▸ What is needed
Every record must appear in your reply exactly as written.

══ Input for this task ══

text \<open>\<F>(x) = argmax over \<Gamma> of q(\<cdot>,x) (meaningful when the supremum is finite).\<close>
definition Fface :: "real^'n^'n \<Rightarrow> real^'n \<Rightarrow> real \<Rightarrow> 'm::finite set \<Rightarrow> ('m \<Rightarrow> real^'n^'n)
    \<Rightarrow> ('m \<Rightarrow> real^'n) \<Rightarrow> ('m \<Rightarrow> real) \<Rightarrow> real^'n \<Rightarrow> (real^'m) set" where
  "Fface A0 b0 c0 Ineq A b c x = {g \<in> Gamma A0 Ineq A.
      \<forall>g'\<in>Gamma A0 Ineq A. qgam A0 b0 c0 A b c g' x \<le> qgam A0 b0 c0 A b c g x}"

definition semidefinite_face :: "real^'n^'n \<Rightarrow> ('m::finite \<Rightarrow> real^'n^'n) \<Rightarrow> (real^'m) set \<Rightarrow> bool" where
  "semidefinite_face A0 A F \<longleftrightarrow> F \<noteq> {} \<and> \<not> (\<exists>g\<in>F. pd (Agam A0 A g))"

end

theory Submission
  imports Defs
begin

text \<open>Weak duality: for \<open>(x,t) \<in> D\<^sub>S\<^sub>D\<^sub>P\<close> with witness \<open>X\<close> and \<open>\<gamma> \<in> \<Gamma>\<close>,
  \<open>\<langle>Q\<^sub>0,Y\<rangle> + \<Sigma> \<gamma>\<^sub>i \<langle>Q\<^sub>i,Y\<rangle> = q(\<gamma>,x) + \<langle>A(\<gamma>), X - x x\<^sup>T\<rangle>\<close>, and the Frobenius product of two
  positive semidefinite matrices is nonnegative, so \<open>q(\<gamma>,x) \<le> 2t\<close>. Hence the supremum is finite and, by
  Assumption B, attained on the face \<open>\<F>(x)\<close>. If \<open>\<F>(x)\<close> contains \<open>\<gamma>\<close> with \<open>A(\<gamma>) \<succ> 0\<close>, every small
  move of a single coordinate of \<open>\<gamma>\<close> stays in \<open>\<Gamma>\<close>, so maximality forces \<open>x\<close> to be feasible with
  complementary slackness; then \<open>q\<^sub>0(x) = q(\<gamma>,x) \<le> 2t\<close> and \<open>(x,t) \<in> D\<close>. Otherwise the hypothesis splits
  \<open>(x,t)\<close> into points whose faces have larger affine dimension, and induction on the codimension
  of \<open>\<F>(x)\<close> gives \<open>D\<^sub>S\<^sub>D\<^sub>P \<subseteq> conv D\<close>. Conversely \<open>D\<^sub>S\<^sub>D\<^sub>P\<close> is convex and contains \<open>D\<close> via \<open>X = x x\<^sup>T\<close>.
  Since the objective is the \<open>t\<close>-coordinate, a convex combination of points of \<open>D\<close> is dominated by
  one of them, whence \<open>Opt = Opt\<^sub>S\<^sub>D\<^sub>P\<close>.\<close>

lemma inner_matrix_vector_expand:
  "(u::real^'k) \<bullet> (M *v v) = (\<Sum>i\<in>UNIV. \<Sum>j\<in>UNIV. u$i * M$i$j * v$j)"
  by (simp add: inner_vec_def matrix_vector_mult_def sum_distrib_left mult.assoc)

═══

▸ Result for this task
text \<open>\<F>(x) = argmax over \<Gamma> of q(\<cdot>,x) (meaningful when the supremum is finite).\<close>
definition Fface :: "real^'n^'n \<Rightarrow> real^'n \<Rightarrow> real \<Rightarrow> 'm::finite set \<Rightarrow> ('m \<Rightarrow> real^'n^'n)
    \<Rightarrow> ('m \<Rightarrow> real^'n) \<Rightarrow> ('m \<Rightarrow> real) \<Rightarrow> real^'n \<Rightarrow> (real^'m) set" where
  "Fface A0 b0 c0 Ineq A b c x = {g \<in> Gamma A0 Ineq A.
      \<forall>g'\<in>Gamma A0 Ineq A. qgam A0 b0 c0 A b c g' x \<le> qgam A0 b0 c0 A b c g x}"

definition semidefinite_face :: "real^'n^'n \<Rightarrow> ('m::finite \<Rightarrow> real^'n^'n) \<Rightarrow> (real^'m) set \<Rightarrow> bool" where
  "semidefinite_face A0 A F \<longleftrightarrow> F \<noteq> {} \<and> \<not> (\<exists>g\<in>F. pd (Agam A0 A g))"

end

theory Submission
  imports Defs
begin

text \<open>Weak duality: for \<open>(x,t) \<in> D\<^sub>S\<^sub>D\<^sub>P\<close> with witness \<open>X\<close> and \<open>\<gamma> \<in> \<Gamma>\<close>,
  \<open>\<langle>Q\<^sub>0,Y\<rangle> + \<Sigma> \<gamma>\<^sub>i \<langle>Q\<^sub>i,Y\<rangle> = q(\<gamma>,x) + \<langle>A(\<gamma>), X - x x\<^sup>T\<rangle>\<close>, and the Frobenius product of two
  positive semidefinite matrices is nonnegative, so \<open>q(\<gamma>,x) \<le> 2t\<close>. Hence the supremum is finite and, by
  Assumption B, attained on the face \<open>\<F>(x)\<close>. If \<open>\<F>(x)\<close> contains \<open>\<gamma>\<close> with \<open>A(\<gamma>) \<succ> 0\<close>, every small
  move of a single coordinate of \<open>\<gamma>\<close> stays in \<open>\<Gamma>\<close>, so maximality forces \<open>x\<close> to be feasible with
  complementary slackness; then \<open>q\<^sub>0(x) = q(\<gamma>,x) \<le> 2t\<close> and \<open>(x,t) \<in> D\<close>. Otherwise the hypothesis splits
  \<open>(x,t)\<close> into points whose faces have larger affine dimension, and induction on the codimension
  of \<open>\<F>(x)\<close> gives \<open>D\<^sub>S\<^sub>D\<^sub>P \<subseteq> conv D\<close>. Conversely \<open>D\<^sub>S\<^sub>D\<^sub>P\<close> is convex and contains \<open>D\<close> via \<open>X = x x\<^sup>T\<close>.
  Since the objective is the \<open>t\<close>-coordinate, a convex combination of points of \<open>D\<close> is dominated by
  one of them, whence \<open>Opt = Opt\<^sub>S\<^sub>D\<^sub>P\<close>.\<close>

lemma inner_matrix_vector_expand:
  "(u::real^'k) \<bullet> (M *v v) = (\<Sum>i\<in>UNIV. \<Sum>j\<in>UNIV. u$i * M$i$j * v$j)"
  by (simp add: inner_vec_def matrix_vector_mult_def sum_distrib_left mult.assoc)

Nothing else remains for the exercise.